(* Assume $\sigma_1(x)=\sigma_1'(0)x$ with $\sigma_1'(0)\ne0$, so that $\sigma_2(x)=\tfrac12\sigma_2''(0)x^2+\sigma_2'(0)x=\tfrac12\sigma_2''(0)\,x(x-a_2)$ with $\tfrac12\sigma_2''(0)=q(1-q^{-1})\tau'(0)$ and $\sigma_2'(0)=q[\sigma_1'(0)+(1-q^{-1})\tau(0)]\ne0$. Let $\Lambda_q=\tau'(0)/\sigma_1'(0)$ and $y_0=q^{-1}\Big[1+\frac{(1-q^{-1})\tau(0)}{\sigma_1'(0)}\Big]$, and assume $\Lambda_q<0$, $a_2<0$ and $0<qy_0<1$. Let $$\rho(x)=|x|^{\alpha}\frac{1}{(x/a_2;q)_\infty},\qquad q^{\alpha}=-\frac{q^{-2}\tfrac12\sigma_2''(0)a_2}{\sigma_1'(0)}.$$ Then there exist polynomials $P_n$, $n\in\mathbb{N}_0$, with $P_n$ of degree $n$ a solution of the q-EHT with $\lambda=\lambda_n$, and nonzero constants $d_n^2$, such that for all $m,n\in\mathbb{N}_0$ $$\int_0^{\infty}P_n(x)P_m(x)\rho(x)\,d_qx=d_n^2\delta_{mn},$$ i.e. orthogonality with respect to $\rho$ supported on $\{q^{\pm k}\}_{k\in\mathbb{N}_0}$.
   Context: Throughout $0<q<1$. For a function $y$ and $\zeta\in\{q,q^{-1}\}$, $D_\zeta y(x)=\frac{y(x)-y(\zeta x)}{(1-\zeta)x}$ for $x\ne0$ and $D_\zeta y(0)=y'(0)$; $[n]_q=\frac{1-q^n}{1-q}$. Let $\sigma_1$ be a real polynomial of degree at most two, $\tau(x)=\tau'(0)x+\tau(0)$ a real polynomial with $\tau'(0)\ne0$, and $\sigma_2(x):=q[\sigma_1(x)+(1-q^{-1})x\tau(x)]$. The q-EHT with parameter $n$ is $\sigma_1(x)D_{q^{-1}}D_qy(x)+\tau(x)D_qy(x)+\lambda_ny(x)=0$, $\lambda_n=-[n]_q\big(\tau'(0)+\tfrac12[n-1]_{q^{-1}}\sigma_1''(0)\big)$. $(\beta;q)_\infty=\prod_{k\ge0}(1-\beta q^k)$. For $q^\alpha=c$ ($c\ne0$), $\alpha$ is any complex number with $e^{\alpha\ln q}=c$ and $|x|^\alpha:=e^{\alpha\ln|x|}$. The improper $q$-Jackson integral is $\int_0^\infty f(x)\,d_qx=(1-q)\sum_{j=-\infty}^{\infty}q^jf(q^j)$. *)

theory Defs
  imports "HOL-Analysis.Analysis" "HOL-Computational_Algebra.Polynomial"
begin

* **WHAT IS EXPECTED**: Reproduce every record above exactly.

* **SOLUTION**:
(* Assume $\sigma_1(x)=\sigma_1'(0)x$ with $\sigma_1'(0)\ne0$, so that $\sigma_2(x)=\tfrac12\sigma_2''(0)x^2+\sigma_2'(0)x=\tfrac12\sigma_2''(0)\,x(x-a_2)$ with $\tfrac12\sigma_2''(0)=q(1-q^{-1})\tau'(0)$ and $\sigma_2'(0)=q[\sigma_1'(0)+(1-q^{-1})\tau(0)]\ne0$. Let $\Lambda_q=\tau'(0)/\sigma_1'(0)$ and $y_0=q^{-1}\Big[1+\frac{(1-q^{-1})\tau(0)}{\sigma_1'(0)}\Big]$, and assume $\Lambda_q<0$, $a_2<0$ and $0<qy_0<1$. Let $$\rho(x)=|x|^{\alpha}\frac{1}{(x/a_2;q)_\infty},\qquad q^{\alpha}=-\frac{q^{-2}\tfrac12\sigma_2''(0)a_2}{\sigma_1'(0)}.$$ Then there exist polynomials $P_n$, $n\in\mathbb{N}_0$, with $P_n$ of degree $n$ a solution of the q-EHT with $\lambda=\lambda_n$, and nonzero constants $d_n^2$, such that for all $m,n\in\mathbb{N}_0$ $$\int_0^{\infty}P_n(x)P_m(x)\rho(x)\,d_qx=d_n^2\delta_{mn},$$ i.e. orthogonality with respect to $\rho$ supported on $\{q^{\pm k}\}_{k\in\mathbb{N}_0}$.
   Context: Throughout $0<q<1$. For a function $y$ and $\zeta\in\{q,q^{-1}\}$, $D_\zeta y(x)=\frac{y(x)-y(\zeta x)}{(1-\zeta)x}$ for $x\ne0$ and $D_\zeta y(0)=y'(0)$; $[n]_q=\frac{1-q^n}{1-q}$. Let $\sigma_1$ be a real polynomial of degree at most two, $\tau(x)=\tau'(0)x+\tau(0)$ a real polynomial with $\tau'(0)\ne0$, and $\sigma_2(x):=q[\sigma_1(x)+(1-q^{-1})x\tau(x)]$. The q-EHT with parameter $n$ is $\sigma_1(x)D_{q^{-1}}D_qy(x)+\tau(x)D_qy(x)+\lambda_ny(x)=0$, $\lambda_n=-[n]_q\big(\tau'(0)+\tfrac12[n-1]_{q^{-1}}\sigma_1''(0)\big)$. $(\beta;q)_\infty=\prod_{k\ge0}(1-\beta q^k)$. For $q^\alpha=c$ ($c\ne0$), $\alpha$ is any complex number with $e^{\alpha\ln q}=c$ and $|x|^\alpha:=e^{\alpha\ln|x|}$. The improper $q$-Jackson integral is $\int_0^\infty f(x)\,d_qx=(1-q)\sum_{j=-\infty}^{\infty}q^jf(q^j)$. *)

theory Defs
  imports "HOL-Analysis.Analysis" "HOL-Computational_Algebra.Polynomial"
begin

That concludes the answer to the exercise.